Он говорил по-прежнему миролюбиво; Анисимов встал и по привычке засновал из угла в угол по комнате. Вот свинья, думал он о Макашине с бессильной злобой, в то же время не пропуская ни одного его слова, на одну доску с собой ставит, безграмотный хам, порождение того же хаоса, что и Захар Дерюгин… Тот же хам наоборот. И все-таки у него практическая хватка, он прав, нужно быть осторожнее. Вот сегодня дал себе волю, нехорошо, стареешь, стареешь, голубчик, сказал он себе. Вот и нарвался, надо бы подождать, чем весь этот кавардак кончится, а может, и выпадет еще и свое слово вставить, так ведь не выпустит из своих лап, не вырвешься.
Почувствовав на себе взгляд Макашина, он круто повернулся; минута была резкая и неприятная, должно было произойти что-то нехорошее.

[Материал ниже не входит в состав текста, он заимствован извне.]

lemma skmult_in_skpolys_lt:
  assumes G: "G \<in> skpolys_lt N" and H: "H \<in> skpolys_lt M"
  shows "skmult \<sigma> \<delta> G H \<in> skpolys_lt (M + N)"
proof -
  have "\<forall>i<N. (X ^^ i) H \<in> skpolys_lt (M + N)"
    by (auto intro!: skpolys_lt_mono[OF skxmul_power_lt[OF H]])
  then show ?thesis by (simp add: skmult_lt[OF G] skpolys_lt_def)
qed

lemma skmult_skpolys:
  "G \<in> skpolys_lt N \<Longrightarrow> H \<in> skpolys_lt M \<Longrightarrow> skmult \<sigma> \<delta> G H \<in> skpolys"
  by (rule skpolys_lt_imp_skpolys[OF skmult_in_skpolys_lt])

lemma Dapply_skmult:
  assumes G: "G \<in> skpolys_lt N" and H: "H \<in> skpolys_lt M"
  shows "Dapply \<sigma> \<delta> (skmult \<sigma> \<delta> G H) a b = Dapply \<sigma> \<delta> G a (Dapply \<sigma> \<delta> H a b)"
proof -
  have "Dapply \<sigma> \<delta> (skmult \<sigma> \<delta> G H) a b = (\<Sum>i<N. G i * Dapply \<sigma> \<delta> ((X ^^ i) H) a b)"
    unfolding skmult_lt[OF G]
    by (rule Dapply_sum[where N="M + N"]) (auto intro!: skpolys_lt_mono[OF skxmul_power_lt[OF H]])
  then show ?thesis
    by (simp add: Dapply_skxmul_power[OF H] Dapply_lt[OF G])
qed

lemma Dapply_skXminus: "Dapply \<sigma> \<delta> (skXminus c) a y = D a y - c * y"
  by (subst Dapply_lt[OF skXminus_lt]) (simp add: skXminus_def numeral_2_eq_2)

lemma skmult_skXminus: "skmult \<sigma> \<delta> (skXminus c) P = (\<lambda>k. X P k - c * P k)"
  by (subst skmult_lt[OF skXminus_lt]) (simp add: skXminus_def numeral_2_eq_2)

lemma skpoly_division:
  assumes P: "P \<in> skpolys_lt (Suc d)" "P d = 1"
  shows "F \<in> skpolys_lt N \<Longrightarrow> \<exists>Q R. Q \<in> skpolys_lt (N - d) \<and> R \<in> skpolys_lt d \<and>
            F = (\<lambda>k. skmult \<sigma> \<delta> Q P k + R k)"
proof (induction N arbitrary: F)
  case 0
  then show ?case
    by (intro exI[of _ "\<lambda>_. 0"] exI[of _ F]) (auto simp: skmult_zero_left skpolys_lt_def)
next
  case (Suc m)
  show ?case
  proof (cases "m < d")
    case True
    then show ?thesis using Suc.prems
      by (intro exI[of _ "\<lambda>_. 0"] exI[of _ F]) (auto simp: skmult_zero_left skpolys_lt_def)
  next
    case False
    \<comment> \<open>subtract \<open>F\<^sub>m x\<^sup>m\<^sup>-\<^sup>d P\<close> to kill the leading coefficient\<close>
    define c where "c = F m"
    define Y where "Y = (X ^^ (m - d)) P"
    have Ylt: "Y \<in> skpolys_lt (Suc m)"
      using skxmul_power_lt[OF P(1), of "m - d"] False by (simp add: Y_def)
    have Ym: "Y m = 1"
      using skxmul_power_lead[OF P, of "m - d"] False by (simp add: Y_def)
    have "(\<lambda>k. F k - c * Y k) \<in> skpolys_lt m"
      unfolding skpolys_lt_def
    proof (intro CollectI allI impI)
      fix k assume "k \<ge> m"
      then consider "k = m" | "k \<ge> Suc m" by linarith
      then show "F k - c * Y k = 0"
        by cases (use Suc.prems Ylt Ym in \<open>simp_all add: c_def skpolys_lt_def\<close>)
    qed
    from Suc.IH[OF this] obtain Q' R' where Q': "Q' \<in> skpolys_lt (m - d)"
      and R': "R' \<in> skpolys_lt d" and eq: "(\<lambda>k. F k - c * Y k) = (\<lambda>k. skmult \<sigma> \<delta> Q' P k + R' k)"
      by blast
    define Q where "Q = (\<lambda>i. if i = m - d then c else Q' i)"
    have Qlt: "Q \<in> skpolys_lt (Suc (m - d))"
      using Q' by (auto simp: skpolys_lt_def Q_def)
    have "skmult \<sigma> \<delta> Q P = (\<lambda>k. \<Sum>i<Suc (m - d). Q i * (X ^^ i) P k)"
      by (rule skmult_lt[OF Qlt])
    also have "\<dots> = (\<lambda>k. (\<Sum>i<m - d. Q' i * (X ^^ i) P k) + c * Y k)"
      by (simp add: Q_def Y_def)
    also have "\<dots> = (\<lambda>k. skmult \<sigma> \<delta> Q' P k + c * Y k)"
      by (simp add: skmult_lt[OF Q'])
    finally have "F = (\<lambda>k. skmult \<sigma> \<delta> Q P k + R' k)"
      using eq by (simp add: fun_eq_iff algebra_simps)
    then show ?thesis
      using Qlt R' False by (intro exI[of _ Q] exI[of _ R']) (simp add: Suc_diff_le)
  qed
qed

lemma skeval_eq_Dapply:
  assumes F: "F \<in> skpolys"
  shows "skeval \<sigma> \<delta> F c = Dapply \<sigma> \<delta> F c 1"
proof -
  obtain N where FN: "F \<in> skpolys_lt N" using F by (rule skpolys_obtain_lt)
  have "skXminus c \<in> skpolys_lt (Suc 1)" "skXminus c 1 = 1"
    by (simp_all add: skXminus_def skpolys_lt_def)
  from skpoly_division[OF this FN] obtain Q R where Q: "Q \<in> skpolys_lt (N - 1)"
    and R: "R \<in> skpolys_lt 1" and eq: "F = (\<lambda>k. skmult \<sigma> \<delta> Q (skXminus c) k + R k)"
    by blast
  have vanish: "Dapply \<sigma> \<delta> (skmult \<sigma> \<delta> G (skXminus c)) c 1 = 0" if "G \<in> skpolys_lt M" for G M
    using Dapply_skmult[OF that skXminus_lt] by (simp add: Dapply_skXminus)
  define L where "L = 2 + (N - 1) + 1"
  have QP: "skmult \<sigma> \<delta> Q (skXminus c) \<in> skpolys_lt L"
    unfolding L_def by (rule skpolys_lt_mono[OF skmult_in_skpolys_lt[OF Q skXminus_lt]]) simp
  have R': "R \<in> skpolys_lt L"
    unfolding L_def by (rule skpolys_lt_mono[OF R]) simp
  have "Dapply \<sigma> \<delta> F c 1 = Dapply \<sigma> \<delta> (\<lambda>k. 1 * skmult \<sigma> \<delta> Q (skXminus c) k + 1 * R k) c 1"
    by (subst eq) simp
  also have "\<dots> = R 0"
    by (simp only: Dapply_linear[OF QP R'] vanish[OF Q] Dapply_lt1[OF R]) simp
  finally have r: "Dapply \<sigma> \<delta> F c 1 = R 0" .
  show ?thesis unfolding skeval_def
  proof (rule the_equality)
    have "(\<lambda>k. F k - skconst (R 0) k) = skmult \<sigma> \<delta> Q (skXminus c)"
      using R by (subst eq) (auto simp: skpolys_lt_def skconst_def fun_eq_iff)
    then show "\<exists>G\<in>skpolys. (\<lambda>k. F k - skconst (Dapply \<sigma> \<delta> F c 1) k) = skmult \<sigma> \<delta> G (skXminus c)"
      using r skpolys_lt_imp_skpolys[OF Q] by auto
  next
    fix r' assume "\<exists>G\<in>skpolys. (\<lambda>k. F k - skconst r' k) = skmult \<sigma> \<delta> G (skXminus c)"
    then obtain G M where "G \<in> skpolys_lt M" and Geq: "(\<lambda>k. F k - skconst r' k) = skmult \<sigma> \<delta> G (skXminus c)"
      by (auto elim: skpolys_obtain_lt)
    have FN': "F \<in> skpolys_lt (N + 1)" and C': "skconst r' \<in> skpolys_lt (N + 1)"
      using skpolys_lt_mono[OF FN, of "N + 1"] skpolys_lt_mono[OF skconst_lt, of "N + 1"] by simp_all
    have "0 = Dapply \<sigma> \<delta> (\<lambda>k. 1 * F k + (-1) * skconst r' k) c 1"
      using vanish[OF \<open>G \<in> skpolys_lt M\<close>] Geq by simp
    also have "\<dots> = Dapply \<sigma> \<delta> F c 1 - r'"
      by (simp only: Dapply_linear[OF FN' C'] Dapply_lt1[OF skconst_lt]) (simp add: skconst_def)
    finally show "r' = Dapply \<sigma> \<delta> F c 1" by simp
  qed
qed

definition skconj :: "'a \<Rightarrow> 'a \<Rightarrow> 'a" where
  "skconj a b = D a b * inverse b"

lemma D_mult_nonzero:
  assumes "b \<noteq> 0"
  shows "D a (w * b) = D (skconj a b) w * b"
proof -
  have "D a (w * b) = (\<sigma> w * (D a b * inverse b) + \<delta> w) * b"
    using assms by (simp add: D_mult distrib_right mult.assoc)
  then show ?thesis by (simp add: Dop_def skconj_def)
qed

lemma D_power_skconj_one: "b \<noteq> 0 \<Longrightarrow> (D (skconj a b) ^^ i) 1 = (D a ^^ i) b * inverse b"
proof (induction i)
  case (Suc i)
  have "D a ((D a ^^ i) b) = D a (((D a ^^ i) b * inverse b) * b)"
    using Suc.prems by (simp add: mult.assoc)
  also have "\<dots> = D (skconj a b) ((D a ^^ i) b * inverse b) * b"
    by (rule D_mult_nonzero[OF Suc.prems])
  finally show ?case using Suc by (simp add: mult.assoc)
qed simp

lemma Dapply_skconj_one:
  "b \<noteq> 0 \<Longrightarrow> Dapply \<sigma> \<delta> F (skconj a b) 1 = Dapply \<sigma> \<delta> F a b * inverse b"
  by (simp add: Dapply_def D_power_skconj_one sum_distrib_right mult.assoc)

lemma Dapply_eq_skconj: "b \<noteq> 0 \<Longrightarrow> Dapply \<sigma> \<delta> F a b = Dapply \<sigma> \<delta> F (skconj a b) 1 * b"
  by (simp add: Dapply_skconj_one mult.assoc)

lemma Cls_iff: "x \<in> Cls \<sigma> \<delta> a \<longleftrightarrow> (\<exists>b. b \<noteq> 0 \<and> x = skconj a b)"
  by (auto simp: Cls_def skconj_def)

lemma skconj_in_Cls: "b \<noteq> 0 \<Longrightarrow> skconj a b \<in> Cls \<sigma> \<delta> a"
  by (auto simp: Cls_iff)

lemma Cls_refl: "a \<in> Cls \<sigma> \<delta> a"
  using skconj_in_Cls[of 1 a] by (simp add: skconj_def)

lemma Cls_trans:
  assumes "x \<in> Cls \<sigma> \<delta> y" "z \<in> Cls \<sigma> \<delta> x"
  shows "z \<in> Cls \<sigma> \<delta> y"
proof -
  obtain b g where b: "b \<noteq> 0" "x = skconj y b" and g: "g \<noteq> 0" "z = skconj x g"
    using assms by (auto simp: Cls_iff)
  have "skconj y (g * b) = D x g * b * (inverse b * inverse g)"
    using b g D_mult_nonzero[OF b(1), of y g]
    by (simp add: skconj_def nonzero_inverse_mult_distrib)
  also have "\<dots> = z"
    using b g by (simp add: skconj_def) (metis mult.assoc right_inverse mult_1_left)
  finally show ?thesis
    unfolding Cls_iff using b g by (intro exI[of _ "g * b"]) simp
qed

lemma Cls_sym:
  assumes "x \<in> Cls \<sigma> \<delta> y"
  shows "y \<in> Cls \<sigma> \<delta> x"
proof -
  obtain b where b: "b \<noteq> 0" "x = skconj y b"
    using assms by (auto simp: Cls_iff)
  have "D y (inverse b * b) = D x (inverse b) * b"
    using D_mult_nonzero[OF b(1)] b(2) by simp
  then have "D x (inverse b) = y * inverse b"
    using b(1) by (metis D_one mult.assoc left_inverse right_inverse mult_1_right)
  then have "skconj x (inverse b) = y"
    using b(1) by (simp add: skconj_def mult.assoc)
  then show ?thesis
    unfolding Cls_iff by (intro exI[of _ "inverse b"]) (simp add: b)
qed

lemma Cls_eq: "x \<in> Cls \<sigma> \<delta> y \<Longrightarrow> Cls \<sigma> \<delta> x = Cls \<sigma> \<delta> y"
  by (meson Cls_sym Cls_trans subset_antisym subsetI)

lemma Cls_disjoint: "Cls \<sigma> \<delta> x \<noteq> Cls \<sigma> \<delta> y \<Longrightarrow> Cls \<sigma> \<delta> x \<inter> Cls \<sigma> \<delta> y = {}"
  using Cls_eq by blast

lemma P_closure_iff: "b \<in> P_closure \<sigma> \<delta> S \<longleftrightarrow>
   (\<forall>F\<in>skpolys. (\<forall>c\<in>S. Dapply \<sigma> \<delta> F c 1 = 0) \<longrightarrow> Dapply \<sigma> \<delta> F b 1 = 0)"
  by (simp add: P_closure_def skeval_eq_Dapply)

lemma P_closure_mono: "S \<subseteq> T \<Longrightarrow> P_closure \<sigma> \<delta> S \<subseteq> P_closure \<sigma> \<delta> T"
  by (auto simp: P_closure_def)

lemma P_independent_subset: "P_independent \<sigma> \<delta> S \<Longrightarrow> T \<subseteq> S \<Longrightarrow> P_independent \<sigma> \<delta> T"
  unfolding P_independent_def using P_closure_mono[of "T - {_}" "S - {_}"] by blast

Анисимов подошел и сел напротив.
– Поедешь завтра со мной, Густавович, – тотчас сказал Макашин спокойно, как о деле давно решенном и обговоренном. – Недалеко, в спецлагерь в бараках моторного. Нам четырнадцать человек в службу дают, на выбор, они все согласные, вот ты мне и поможешь отобрать.
Сначала Анисимову показалось, что Макашин шутит, но он тут же, едва встретившись с ним глазами, зло вспыхнул; он слегка склонил голову набок, рассматривая Макашина.
– Что, решил понадежнее прикрутить? – спросил он с издевкой.
– Да нет, что ты, Густавович, ты это зря. Дело-то хозяйское, нам же с тобой покойнее будет, если людей понадежнее отберем. Если не хочешь, не надо, один справлюсь.
– Почему же, изволь, если ты так решил, – ответил Анисимов все с той же насмешкой и раздражением, опять принимаясь ходить; у стола он помедлил, как бы раздумывая, затем налил водки себе и Макашину. – Что ж, Федор, давай выпьем за доверие, должен ведь быть хоть один человек в мире, которому ты веришь. Ну, бывай, брат Федор.